Plus sensible que l’analyse enthalpique différentielle, du fait des variations bien nettes de tangente δ (pic) et du module de conservation E’ (chute), l’analyse mécanique dynamique permet de bien visualiser non seulement les relaxations que subit le matériau, mais également si celui-ci est bien homogène dans le cas d’un compound par exemple. En effet, par exemple dans le cas d’un mélange d’acide hyaluronique et d’hydroxypropylcellulose, selon les proportions de ces constituants, un ou deux pics de tangente δ peuvent apparaître selon que le mélange est homogène ou non (Dave, 1995). Cette technique est largement utilisée aujourd’hui pour caractériser les biopolymères : amidon (Averous, 2004) ; cellulose, fibre de coton (Wibowo, 2004) ; collagène (Sarti, 1995) ; gluten de maïs (Di Gioia, 1999) ; protéine de soja (Mo, 2003).
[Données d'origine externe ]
(* Consider the following multi-cell downlink scheduling model. Time is slotted, $t=1,2,\ldots$. There are $N$ user equipments $\mathrm{UE}_1,\ldots,\mathrm{UE}_N$ and $M$ base stations $\mathrm{BS}_1,\ldots,\mathrm{BS}_M$, each base station covering one cell. At every slot $t$, each $\mathrm{UE}_i$ lies in the cell of exactly one base station, denoted $C_i(t)\in\{1,\ldots,M\}$. Assume i.i.d. uniform mobility: the random variables $C_i(t)$ are independent across users $i$ and slots $t$, each uniformly distributed on $\{1,\ldots,M\}$. At each slot, each $\mathrm{BS}_j$ may attempt a transmission of a fresh packet to at most one UE currently in its cell (i.e. a UE with $C_i(t)=j$). A transmission attempted to $\mathrm{UE}_i$ succeeds with probability $p_i$, independently of everything else; assume statistically identical UEs, $p_i=p\in(0,1]$ for all $i$. The age of information $h_i(t)$ of $\mathrm{UE}_i$ evolves as $h_i(t+1)=1$ if $\mathrm{UE}_i$ was scheduled at slot $t$ and the transmission succeeded, and $h_i(t+1)=h_i(t)+1$ otherwise. For a causal (online) scheduling policy $\pi$, its average AoI is $\mathsf{AoI}^{\pi}=\limsup_{T\to\infty}\frac{1}{NT}\sum_{t=1}^{T}\sum_{i=1}^{N}\mathbb{E}^{\pi}[h_i(t)]$, and $\mathsf{AoI}^*$ denotes the infimum of $\mathsf{AoI}^\pi$ over all such policies. Let $\pi^{\mathsf{MMW}}$ be the policy under which, at every slot $t$, each base station schedules, among the UEs in its cell, one with the largest index $I_i(t)=p_i h_i(t)^2$. Then $\pi^{\mathsf{MMW}}$ is a $2$-approximation, i.e. $\mathsf{AoI}^{\pi^{\mathsf{MMW}}}\le 2\,\mathsf{AoI}^*$.
   Context: A scheduling policy is causal/online if its decision at each slot depends only on the history of ages, cell occupancies and scheduling decisions observed so far (together with the current cell occupancy). The stationary cell-occupancy distribution in the i.i.d. uniform mobility model is $\psi_{ij}=1/M$ for all $i,j$. A base station whose cell contains no UE makes no transmission. *)

theory Defs
  imports "HOL-Probability.Probability"
begin

text \<open>UEs are indexed 0..N-1, base stations (cells) 0..M-1. Slot t (0-based here)
  corresponds to slot t+1 of the paper.\<close>

type_synonym ages = "nat \<Rightarrow> nat"
type_synonym occupancy = "nat \<Rightarrow> nat"
type_synonym schedule = "nat set"
type_synonym history = "(ages \<times> occupancy \<times> schedule) list"
type_synonym policy = "history \<Rightarrow> ages \<Rightarrow> occupancy \<Rightarrow> schedule"

definition occ_set :: "nat \<Rightarrow> nat \<Rightarrow> occupancy set" where
  "occ_set N M = {c. (\<forall>i<N. c i < M) \<and> (\<forall>i. N \<le> i \<longrightarrow> c i = 0)}"

text \<open>i.i.d. uniform mobility: all C_i(t) independent and uniform on the M cells.\<close>
definition occ_pmf :: "nat \<Rightarrow> nat \<Rightarrow> occupancy pmf" where
  "occ_pmf N M = pmf_of_set (occ_set N M)"

text \<open>A feasible schedule: only UEs, each base station serves at most one UE of its cell
  (the UE i is served by base station c i, the one whose cell it lies in).\<close>
definition valid_sched :: "nat \<Rightarrow> occupancy \<Rightarrow> schedule \<Rightarrow> bool" where
  "valid_sched N c S \<longleftrightarrow> S \<subseteq> {..<N} \<and> (\<forall>i\<in>S. \<forall>k\<in>S. c i = c k \<longrightarrow> i = k)"

definition valid_policy :: "nat \<Rightarrow> policy \<Rightarrow> bool" where
  "valid_policy N \<pi> \<longleftrightarrow> (\<forall>H h c. valid_sched N c (\<pi> H h c))"

fun state_pmf :: "nat \<Rightarrow> nat \<Rightarrow> real \<Rightarrow> ages \<Rightarrow> policy \<Rightarrow> nat \<Rightarrow> (history \<times> ages) pmf" where
  "state_pmf N M p h0 \<pi> 0 = return_pmf ([], h0)"
| "state_pmf N M p h0 \<pi> (Suc t) =
     do { (H, h) \<leftarrow> state_pmf N M p h0 \<pi> t;
          c \<leftarrow> occ_pmf N M;
          let S = \<pi> H h c;
          succ \<leftarrow> Pi_pmf S False (\<lambda>_. bernoulli_pmf p);
          return_pmf (H @ [(h, c, S)], (\<lambda>i. if i \<in> S \<and> succ i then 1 else h i + 1)) }"
section \<open>Covers pulled back from \<open>c\<^sub>0\<close>\<close>

definition c0_cube :: "('a \<Rightarrow> 'b \<Rightarrow> real) \<Rightarrow> 'a set \<Rightarrow> real \<Rightarrow> 'b set \<Rightarrow> ('b \<Rightarrow> int) \<Rightarrow> 'a set" where
  "c0_cube f X s F k = {x \<in> X.
     (\<forall>i\<in>F. k i \<le> f x i / s \<and> f x i / s \<le> k i + 3 \<and> s < \<bar>f x i\<bar>) \<and> (\<forall>i. i \<notin> F \<longrightarrow> \<bar>f x i\<bar> < 3 * s)}"

definition c0_cube_cover :: "('a \<Rightarrow> 'b \<Rightarrow> real) \<Rightarrow> 'a set \<Rightarrow> real \<Rightarrow> 'a set set" where
  "c0_cube_cover f X s = {c0_cube f X s F k | F k. finite F}"

lemma c0_cube_restrict: "c0_cube f X s F (restrict k F) = c0_cube f X s F k"
  unfolding c0_cube_def by simp

lemma c0_dist_le_on_c0_cube:
  assumes "x \<in> c0_cube f X s F k" "y \<in> c0_cube f X s F k" "0 < s"
  shows "c0_dist (f x) (f y) \<le> 6 * s"
proof (rule c0_dist_leI)
  fix i
  show "\<bar>f x i - f y i\<bar> \<le> 6 * s"
  proof (cases "i \<in> F")
    case True
    then have "k i \<le> f x i / s" "f x i / s \<le> k i + 3" "k i \<le> f y i / s" "f y i / s \<le> k i + 3"
      using assms(1,2) unfolding c0_cube_def by auto
    then have "\<bar>f x i / s - f y i / s\<bar> \<le> 3" by linarith
    then have "\<bar>f x i - f y i\<bar> \<le> 3 * s"
      using \<open>0 < s\<close> by (simp add: diff_divide_distrib[symmetric] divide_le_eq)
    then show ?thesis using \<open>0 < s\<close> by linarith
  next
    case False
    then show ?thesis using assms(1,2) unfolding c0_cube_def by fastforce
  qed
qed

lemma c0_cube_cover_absorbs:
  assumes fX: "f ` X \<subseteq> c0 I" and s: "0 < s" and E: "E \<subseteq> X" "x0 \<in> E"
    and close: "\<And>x i. x \<in> E \<Longrightarrow> \<bar>f x i - f x0 i\<bar> < s"
  shows "\<exists>U\<in>c0_cube_cover f X s. E \<subseteq> U"
proof -
  define F where "F = {i. \<exists>x\<in>E. 3 * s \<le> \<bar>f x i\<bar>}"
  have "F \<subseteq> {i. s < \<bar>f x0 i\<bar>}"
  proof
    fix i assume "i \<in> F"
    then obtain x where "x \<in> E" "3 * s \<le> \<bar>f x i\<bar>" unfolding F_def by auto
    then show "i \<in> {i. s < \<bar>f x0 i\<bar>}" using close[of x i] s by simp
  qed
  then have "finite F"
    using c0_finite_above[of "f x0" I s] fX E s finite_subset by blast
  \<comment> \<open>the box \<open>[k i * s, (k i + 3) * s]\<close> contains the \<open>s\<close>-neighbourhood of \<open>f x0 i\<close>\<close>
  define k where "k i = \<lfloor>f x0 i / s\<rfloor> - 1" for i
  have "E \<subseteq> c0_cube f X s F k"
  proof
    fix x assume "x \<in> E"
    have "k i \<le> f x i / s \<and> f x i / s \<le> k i + 3 \<and> s < \<bar>f x i\<bar>" if "i \<in> F" for i
    proof -
      obtain y where "y \<in> E" "3 * s \<le> \<bar>f y i\<bar>" using \<open>i \<in> F\<close> unfolding F_def by auto
      then have "s < \<bar>f x i\<bar>" using close[OF \<open>x \<in> E\<close>, of i] close[OF \<open>y \<in> E\<close>, of i] by linarith
      moreover have "\<bar>f x i / s - f x0 i / s\<bar> < 1"
        using close[OF \<open>x \<in> E\<close>, of i] s by (simp add: diff_divide_distrib[symmetric])
      ultimately show ?thesis
        unfolding k_def using floor_correct[of "f x0 i / s"] by linarith
    qed
    moreover have "\<bar>f x i\<bar> < 3 * s" if "i \<notin> F" for i
      using that \<open>x \<in> E\<close> unfolding F_def by force
    ultimately show "x \<in> c0_cube f X s F k"
      using \<open>x \<in> E\<close> E unfolding c0_cube_def by blast
  qed
  moreover have "c0_cube f X s F k \<in> c0_cube_cover f X s"
    using \<open>finite F\<close> unfolding c0_cube_cover_def by blast
  ultimately show ?thesis by blast
qed

lemma is_cover_c0_cube_cover:
  assumes "f ` X \<subseteq> c0 I" "0 < s"
  shows "is_cover X (c0_cube_cover f X s)"
proof -
  have "x \<in> \<Union>(c0_cube_cover f X s)" if "x \<in> X" for x
    using c0_cube_cover_absorbs[OF assms, of "{x}" x] that assms(2) by auto
  then show ?thesis
    unfolding is_cover_def c0_cube_cover_def c0_cube_def by blast
qed

lemma point_finite_c0_cube_cover:
  assumes fX: "f ` X \<subseteq> c0 I" and s: "0 < s"
  shows "point_finite X (c0_cube_cover f X s)"
  unfolding point_finite_def
proof
  fix x assume "x \<in> X"
  define S where "S = {i. s < \<bar>f x i\<bar>}"
  define K where "K i = {\<lceil>f x i / s\<rceil> - 3 .. \<lfloor>f x i / s\<rfloor>}" for i
  let ?P = "Sigma (Pow S) (\<lambda>F. Pi\<^sub>E F K)"
  have "finite S" unfolding S_def using c0_finite_above fX \<open>x \<in> X\<close> s by blast
  then have "finite ?P"
    by (intro finite_SigmaI finite_PiE) (auto simp: K_def intro: finite_subset)
  moreover have "{U \<in> c0_cube_cover f X s. x \<in> U} \<subseteq> (\<lambda>(F, k). c0_cube f X s F k) ` ?P"
  proof
    fix U assume "U \<in> {U \<in> c0_cube_cover f X s. x \<in> U}"
    then obtain F k where U: "U = c0_cube f X s F k" "x \<in> U"
      unfolding c0_cube_cover_def by auto
    have "F \<subseteq> S" using U unfolding c0_cube_def S_def by auto
    moreover have "k i \<in> K i" if "i \<in> F" for i
    proof -
      have "k i \<le> f x i / s" "f x i / s \<le> k i + 3"
        using U that unfolding c0_cube_def by auto
      then have "\<lceil>f x i / s\<rceil> \<le> k i + 3" "k i \<le> \<lfloor>f x i / s\<rfloor>"
        by (simp_all add: ceiling_le_iff le_floor_iff)
      then show ?thesis unfolding K_def by simp
    qed
    ultimately have "F \<subseteq> S" "restrict k F \<in> Pi\<^sub>E F K" by auto
    then have "(F, restrict k F) \<in> ?P" by simp
    then show "U \<in> (\<lambda>(F, k). c0_cube f X s F k) ` ?P"
      unfolding U(1) by (rule rev_image_eqI) (simp add: c0_cube_restrict)
  qed
  ultimately show "finite {U \<in> c0_cube_cover f X s. x \<in> U}"
    by (meson finite_imageI finite_subset)
qed

lemma lebesgue_number_c0_cube_cover:
  assumes fX: "f ` X \<subseteq> c0 I" and s: "0 < s" and R: "0 \<le> R"
    and close: "\<And>x y. x \<in> X \<Longrightarrow> y \<in> X \<Longrightarrow> d x y < R \<Longrightarrow> c0_dist (f x) (f y) < s"
  shows "ereal R \<le> lebesgue_number X d (c0_cube_cover f X s)"
proof (rule lebesgue_number_geI[OF R])
  fix E assume E: "E \<subseteq> X" "mdiam d E < ereal R"
  show "\<exists>U\<in>c0_cube_cover f X s. E \<subseteq> U"
  proof (cases "E = {}")
    case True
    have "c0_cube f X s {} k \<in> c0_cube_cover f X s" for k
      unfolding c0_cube_cover_def by blast
    then show ?thesis using True by blast
  next
    case False
    then obtain x0 where "x0 \<in> E" by auto
    have "\<bar>f x i - f x0 i\<bar> < s" if "x \<in> E" for x i
    proof -
      have "ereal (d x x0) < ereal R"
        using dist_le_mdiam[OF that \<open>x0 \<in> E\<close>, of d] E(2) by (rule le_less_trans)
      moreover have "x \<in> X" "x0 \<in> X" using E(1) that \<open>x0 \<in> E\<close> by auto
      ultimately have "c0_dist (f x) (f x0) < s"
        by (intro close) auto
      moreover have "\<bar>f x i - f x0 i\<bar> \<le> c0_dist (f x) (f x0)"
        using abs_le_c0_dist[of "f x" I "f x0" I] fX \<open>x \<in> X\<close> \<open>x0 \<in> X\<close> by auto
      ultimately show ?thesis by linarith
    qed
    then show ?thesis using c0_cube_cover_absorbs[OF fX s E(1) \<open>x0 \<in> E\<close>] by blast
  qed
qed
Notons que la chute du module élastique et la visualisation d’un pic du facteur de perte correspondent à la relaxation d’un polymère. Dans le cas des biopolymères du tourteau de tournesol, il pourrait s’agir de leur transition vitreuse comme d’une autre transition de type caoutchoutique.
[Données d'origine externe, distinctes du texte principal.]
(* Let $F:\mathbf{C}\rightleftarrows\mathbf{D}:G$ be an adjunction ($F$ left adjoint to $G$). (a) If $\mathbf{D}$ has the Ramsey property for morphisms, then so does $\mathbf{C}$. (b) If $\mathbf{C}$ has the dual Ramsey property for morphisms, then so does $\mathbf{D}$.
   Context: For objects $\mathcal{A},\mathcal{B}$ of a category, $\hom(\mathcal{A},\mathcal{B})$ is the set of morphisms $\mathcal{A}\to\mathcal{B}$; write $\mathcal{A}\to\mathcal{B}$ if it is nonempty. A $k$-coloring of a set $S$ is a decomposition $S=\mathcal{M}_1\cup\dots\cup\mathcal{M}_k$ into pairwise disjoint sets. For $k\ge2$, $\mathcal{C}\overset{hom}{\longrightarrow}(\mathcal{B})^{\mathcal{A}}_k$ means $\mathcal{A}\to\mathcal{B}\to\mathcal{C}$ and for every $k$-coloring of $\hom(\mathcal{A},\mathcal{C})$ there are $i$ and a morphism $w:\mathcal{B}\to\mathcal{C}$ with $w\cdot\hom(\mathcal{A},\mathcal{B})\subseteq\mathcal{M}_i$. A category has the Ramsey property for morphisms if for every $k\ge2$ and all objects $\mathcal{A},\mathcal{B}$ with $\mathcal{A}\to\mathcal{B}$ there is an object $\mathcal{C}$ with $\mathcal{C}\overset{hom}{\longrightarrow}(\mathcal{B})^{\mathcal{A}}_k$. A category $\mathbf{C}$ has the dual Ramsey property for morphisms if its opposite category $\mathbf{C}^{\mathrm{op}}$ has the Ramsey property for morphisms. *)

theory Defs
  imports Main
begin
Dans nos travaux, nous avons aussi bien effectué des AMD sur des éprouvettes d’agromatériaux fabriqués à partir de tourteau de tournesol, qu’à partir de matières végétales sous forme de poudre. Ce dernier type d’analyse est original et jusqu’alors peu développé. Nous ne pourrons comparer nos résultats qu’entre eux.

Nous devons également spécifier le choix des conditions d’analyse du tourteau. En effet, comme l’AMD se fait sous un courant d’air , et donc en système ouvert, nous avons fait le

choix d’analyser nos matières et produits à sec afin de nous affranchir du signal correspondant à l’évaporation de l’eau contenu dans le tourteau de tournesol, qui pourrait masquer une transition de premier ordre. Bien évidemment, les caractéristiques mesurées ne correspondent pas directement aux caractéristiques du matériau préparé pour sa mise en forme (20 à 30% d’hydratation) ou à l’équilibre (7 à 10% d’hydratation). Toutefois, les études comparatives des différentes AMD effectués sur les diverses matières et différents agromatériaux restent valables et intéressantes pour la compréhension des phénomènes.